Finishing the panel was Sam Canon, who spoke about a subject tied to me personally. Cannon discussed Fabio Moon and Gabriel Ba's Eisner and Harvey award-winning limited series Daytripper, in which the protagonist Bras de Oliva Domingos experiences multiple deaths at different ages in his life, many brutal. Canon, while not denying that the work can be read as an affirmation of life, analyzed the comic as a piece of bourgeois literature attempting to process the social problems of Brazil, the ones which neoliberalism has failed to answer.
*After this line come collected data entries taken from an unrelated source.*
lemma measure_nonsplitting_radii_ge:
  assumes "x \<in> X" "D > 0" "finite Q" "\<forall>C\<in>Q. C \<subseteq> X"
  shows "1 - cost d Q / D \<le> measure uniform01 (nonsplitting_radii d x D Q)"
proof -
  have fin: "finite C" if "C \<in> Q" for C using assms(4) that by (intro finite_subspace) auto
  have split_sets: "{u. splits d x (u * D) C} \<in> sets borel" if "C \<in> Q" for C
    using fin[OF that] by (rule sets_borel_splits)
  have "- nonsplitting_radii d x D Q \<subseteq> - {0..<1} \<union> (\<Union>C\<in>Q. {u. splits d x (u * D) C})"
    by (auto simp: nonsplitting_radii_def)
  then have "measure uniform01 (- nonsplitting_radii d x D Q)
      \<le> measure uniform01 (- {0..<1} \<union> (\<Union>C\<in>Q. {u. splits d x (u * D) C}))"
    using assms(3) split_sets by (intro uniform01.finite_measure_mono sets.Un sets.finite_UN borel_comp) auto
  also have "\<dots> \<le> measure uniform01 (- {0..<1}) + measure uniform01 (\<Union>C\<in>Q. {u. splits d x (u * D) C})"
    using assms(3) split_sets by (intro measure_Un_le sets.finite_UN borel_comp) auto
  also have "\<dots> \<le> (\<Sum>C\<in>Q. measure uniform01 {u. splits d x (u * D) C})"
    using uniform01.finite_measure_subadditive_finite[OF assms(3), of "\<lambda>C. {u. splits d x (u * D) C}"]
      split_sets measure_uniform01_outside by force
  also have "\<dots> \<le> (\<Sum>C\<in>Q. diam d C / D)"
    using assms by (intro sum_mono measure_splits_le) auto
  also have "\<dots> = cost d Q / D" by (simp add: cost_def sum_divide_distrib)
  finally show ?thesis
    using uniform01.prob_compl[of "nonsplitting_radii d x D Q"]
      sets_borel_nonsplitting_radii[OF assms(3) fin]
    by (simp add: Compl_eq_Diff_UNIV)
qed

lemma approx_event_of_split:
  assumes "S \<subseteq> X" "t \<noteq> 0" "\<not> card S \<le> 1" "root_ball sel d S (\<omega> []) = T" "\<epsilon> < 1"
    and ij: "1 \<le> i" "1 \<le> j" "i + j \<le> Suc t"
    and opt: "opt d i T + opt d j (S - T) \<le> opt d (i + j) S"
    and sub: "subtree [0] \<omega> \<in> approx_event sel d \<epsilon> T t i"
      "subtree [1] \<omega> \<in> approx_event sel d \<epsilon> (S - T) t j"
  shows "\<omega> \<in> approx_event sel d \<epsilon> S (Suc t) (i + j)"
proof -
  define A where "A = recMSD sel d (subtree [0] \<omega>) [] T t i"
  define B where "B = recMSD sel d (subtree [1] \<omega>) [] (S - T) t j"
  have "T \<subseteq> S" using assms(4) by (auto simp: root_ball_def)
  then have clusters: "finite A" "finite B" "\<forall>C\<in>A \<union> B. C \<subseteq> X"
    using recMSD_clusters[of sel d "subtree [0] \<omega>" "[]" T t i]
      recMSD_clusters[of sel d "subtree [1] \<omega>" "[]" "S - T" t j] assms(1)
    unfolding A_def B_def by blast+
  have "cost d (recMSD sel d \<omega> [] S (Suc t) (i + j)) \<le> cost d (A \<union> B)"
    unfolding recMSD_Suc_split[where \<omega>=\<omega>, OF assms(2-4)] A_def B_def using ij by (rule combine_cost_le_pair)
  also have "\<dots> \<le> cost d A + cost d B" using clusters by (rule cost_Un_le)
  also have "\<dots> \<le> opt d i T / (1 - \<epsilon>) + opt d j (S - T) / (1 - \<epsilon>)"
    using sub unfolding A_def B_def approx_event_def by simp
  also have "\<dots> \<le> opt d (i + j) S / (1 - \<epsilon>)"
    using opt assms(5) by (simp add: add_divide_distrib[symmetric] divide_right_mono)
  finally show ?thesis by (simp add: approx_event_def)
qed

lemma subcalls_event_lower_bound:
  assumes IH: "\<And>S' r'. S' \<subseteq> X \<Longrightarrow> S' \<noteq> {} \<Longrightarrow> 1 \<le> r' \<Longrightarrow> r' \<le> t \<Longrightarrow>
      \<epsilon> ^ (r' - 1) \<le> measure rand_space (approx_event sel d \<epsilon> S' t r')"
    and S: "S \<subseteq> X" "\<not> card S \<le> 1" and T: "T \<subseteq> S" "T \<noteq> {}" "S - T \<noteq> {}"
    and ij: "1 \<le> i" "1 \<le> j" "i + j \<le> Suc t"
    and opt: "opt d i T + opt d j (S - T) \<le> opt d (i + j) S" and \<epsilon>: "0 \<le> \<epsilon>" "\<epsilon> < 1"
    and G: "G \<in> sets borel" "\<And>u. u \<in> G \<Longrightarrow> root_ball sel d S u = T"
  shows "\<exists>H\<in>sets rand_space. H \<subseteq> approx_event sel d \<epsilon> S (Suc t) (i + j) \<inter> {\<omega>. \<omega> [] \<in> G} \<and>
    measure uniform01 G * \<epsilon> ^ (i + j - 2) \<le> measure rand_space H"
proof -
  define A where "A = approx_event sel d \<epsilon> T t i"
  define B where "B = approx_event sel d \<epsilon> (S - T) t j"
  define H where "H = {\<omega>. \<omega> [] \<in> G \<and> subtree [0] \<omega> \<in> A \<and> subtree [1] \<omega> \<in> B}"
  have "finite S" using S(1) by (rule finite_subspace)
  then have "finite T" "finite (S - T)" using finite_subset[OF T(1)] by auto
  then have AB: "A \<in> sets rand_space" "B \<in> sets rand_space"
    by (simp_all add: A_def B_def approx_event_sets)
  have "H = (\<lambda>\<omega>. \<omega> []) -` G \<inter> space rand_space \<inter> (subtree [0] -` A \<inter> space rand_space)
      \<inter> (subtree [1] -` B \<inter> space rand_space)"
    by (auto simp: H_def)
  then have "H \<in> sets rand_space"
    using measurable_sets[OF measurable_node] measurable_sets[OF measurable_subtree] G(1) AB by auto
  moreover have "H \<subseteq> approx_event sel d \<epsilon> S (Suc t) (i + j)"
  proof
    fix \<omega> assume "\<omega> \<in> H"
    then have "root_ball sel d S (\<omega> []) = T" "subtree [0] \<omega> \<in> A" "subtree [1] \<omega> \<in> B"
      using G(2) by (auto simp: H_def)
    moreover have "t \<noteq> 0" using ij by simp
    ultimately show "\<omega> \<in> approx_event sel d \<epsilon> S (Suc t) (i + j)"
      using approx_event_of_split[OF S(1) _ S(2) _ \<epsilon>(2) ij opt] unfolding A_def B_def by simp
  qed
  moreover have "measure uniform01 G * \<epsilon> ^ (i + j - 2) \<le> measure rand_space H"
  proof -
    have "i + j - 2 = (i - 1) + (j - 1)" using ij by simp
    then have "\<epsilon> ^ (i + j - 2) = \<epsilon> ^ (i - 1) * \<epsilon> ^ (j - 1)" by (simp only: power_add)
    also have "\<dots> \<le> measure rand_space A * measure rand_space B"
      unfolding A_def B_def using ij S(1) T \<epsilon> by (intro mult_mono IH) auto
    finally show ?thesis
      unfolding H_def measure_root_subtrees[OF G(1) AB] mult.assoc by (simp add: mult_left_mono)
  qed
  ultimately show ?thesis by (auto simp: H_def)
qed


end

subsection \<open>Success probability\<close>

locale recMSD_analysis = finite_metric X d for X :: "'a set" and d +
  fixes sel :: "'a set \<Rightarrow> 'a \<times> 'a"
  assumes selector: "diam_selector X d sel"
begin

lemma root_ball_separates:
  assumes "S \<subseteq> X" "S \<noteq> {}" "0 \<le> u" "u < 1" "0 < diam d S"
  shows "fst (sel S) \<in> root_ball sel d S u" "snd (sel S) \<in> S - root_ball sel d S u"
proof -
  have sel: "fst (sel S) \<in> S" "snd (sel S) \<in> S" "d (fst (sel S)) (snd (sel S)) = diam d S"
    using selector assms(1,2) by (auto simp: diam_selector_def)
  then show "fst (sel S) \<in> root_ball sel d S u"
    using assms dist_self by (auto simp: root_ball_def)
  have "u * diam d S < diam d S" using assms(4,5) by simp
  then show "snd (sel S) \<in> S - root_ball sel d S u"
    using sel by (auto simp: root_ball_def)
qed

lemma nonsplitting_root_ball:
  assumes "C \<subseteq> S" "\<not> splits d (fst (sel S)) (u * diam d S) C"
  shows "C \<subseteq> root_ball sel d S u \<or> C \<subseteq> S - root_ball sel d S u"
  using assms by (auto simp: splits_def root_ball_def not_le)

lemma split_event_lower_bound:
  assumes IH: "\<And>S' r'. S' \<subseteq> X \<Longrightarrow> S' \<noteq> {} \<Longrightarrow> 1 \<le> r' \<Longrightarrow> r' \<le> t \<Longrightarrow>
      \<epsilon> ^ (r' - 1) \<le> measure rand_space (approx_event sel d \<epsilon> S' t r')"
    and S: "S \<subseteq> X" "S \<noteq> {}" "0 < diam d S" and r: "r \<le> Suc t" and \<epsilon>: "0 \<le> \<epsilon>" "\<epsilon> < 1"
    and Q: "is_clustering r S Q" "{} \<notin> Q" "cost d Q = opt d r S"
    and G: "G \<in> sets borel" "\<And>u. u \<in> G \<Longrightarrow>
      u \<in> nonsplitting_radii d (fst (sel S)) (diam d S) Q \<and> root_ball sel d S u = T"
  shows "\<exists>H\<in>sets rand_space. H \<subseteq> approx_event sel d \<epsilon> S (Suc t) r \<inter> {\<omega>. \<omega> [] \<in> G} \<and>
    measure uniform01 G * \<epsilon> ^ (r - 2) \<le> measure rand_space H"
proof (cases "G = {}")
  case False
  then obtain u where u: "0 \<le> u" "u < 1" "\<forall>C\<in>Q. \<not> splits d (fst (sel S)) (u * diam d S) C"
      "root_ball sel d S u = T"
    using G(2) by (auto simp: nonsplitting_radii_def)
  note sep = root_ball_separates[OF S(1,2) u(1,2) S(3), unfolded u(4)]
  have "T \<subseteq> S" using u(4) by (auto simp: root_ball_def)
  have T_ne: "T \<noteq> {}" "S - T \<noteq> {}" using sep by auto
  have uncut: "\<forall>C\<in>Q. C \<subseteq> T \<or> C \<subseteq> S - T"
  proof
    fix C assume "C \<in> Q"
    then have "C \<subseteq> S" using Q(1) by (auto simp: is_clustering_def)
    then show "C \<subseteq> T \<or> C \<subseteq> S - T"
      using nonsplitting_root_ball u(3) \<open>C \<in> Q\<close> unfolding u(4)[symmetric] by blast
  qed
  obtain i j Q1 Q2 where split: "is_clustering i T Q1" "is_clustering j (S - T) Q2"
      "1 \<le> i" "1 \<le> j" "i + j = r" "cost d Q1 + cost d Q2 = cost d Q"
    by (rule clustering_split[OF Q(1,2) \<open>T \<subseteq> S\<close> T_ne uncut])
  have "finite S" using S(1) by (rule finite_subspace)
  then have fin: "finite T" "finite (S - T)" using finite_subset[OF \<open>T \<subseteq> S\<close>] by auto
  have opt: "opt d i T + opt d j (S - T) \<le> opt d (i + j) S"
    using add_mono[OF opt_le[where d=d, OF fin(1) split(1)] opt_le[where d=d, OF fin(2) split(2)]]
      split(5,6) Q(3)
    by simp
  have "card {fst (sel S), snd (sel S)} \<le> card S"
    by (rule card_mono[OF \<open>finite S\<close>]) (use sep \<open>T \<subseteq> S\<close> in auto)
  moreover have "fst (sel S) \<noteq> snd (sel S)" using sep by auto
  ultimately have card_S: "\<not> card S \<le> 1" by simp
  have "\<And>u. u \<in> G \<Longrightarrow> root_ball sel d S u = T" using G(2) by blast
  then show ?thesis
    using subcalls_event_lower_bound[OF IH S(1) card_S \<open>T \<subseteq> S\<close> T_ne split(3,4) _ opt \<epsilon> G(1)]
      split(5) r
    by simp
qed (intro bexI[of _ "{}"], simp_all)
The repetitive deaths within the text suggest progress is precarious, and thus so is Brazil's first world aspirations. While 21st century Brazil has broadened its middle class – indeed not a day goes by in San Diego where I don't hear some Portuguese spoken by that very middle class on vacation – so much of the population remains poor and excluded from society. Brazil's recent protests directly speak to this, people taking to the streets because of the massive amounts of money spent on building stadiums for the World Cup and Olympics while not providing the health care services and other social programs needed by so many.

 

I myself am a dual-American-Brazilian citizen, having lived there as a child in a fairly well-to-do family, and often felt a sense of unease as to the endemic social inequality in that country.

 

The first Comics Arts Conference panel was a success, and if any indication, the rest of the organizations panels well worth checking out for those attending the con.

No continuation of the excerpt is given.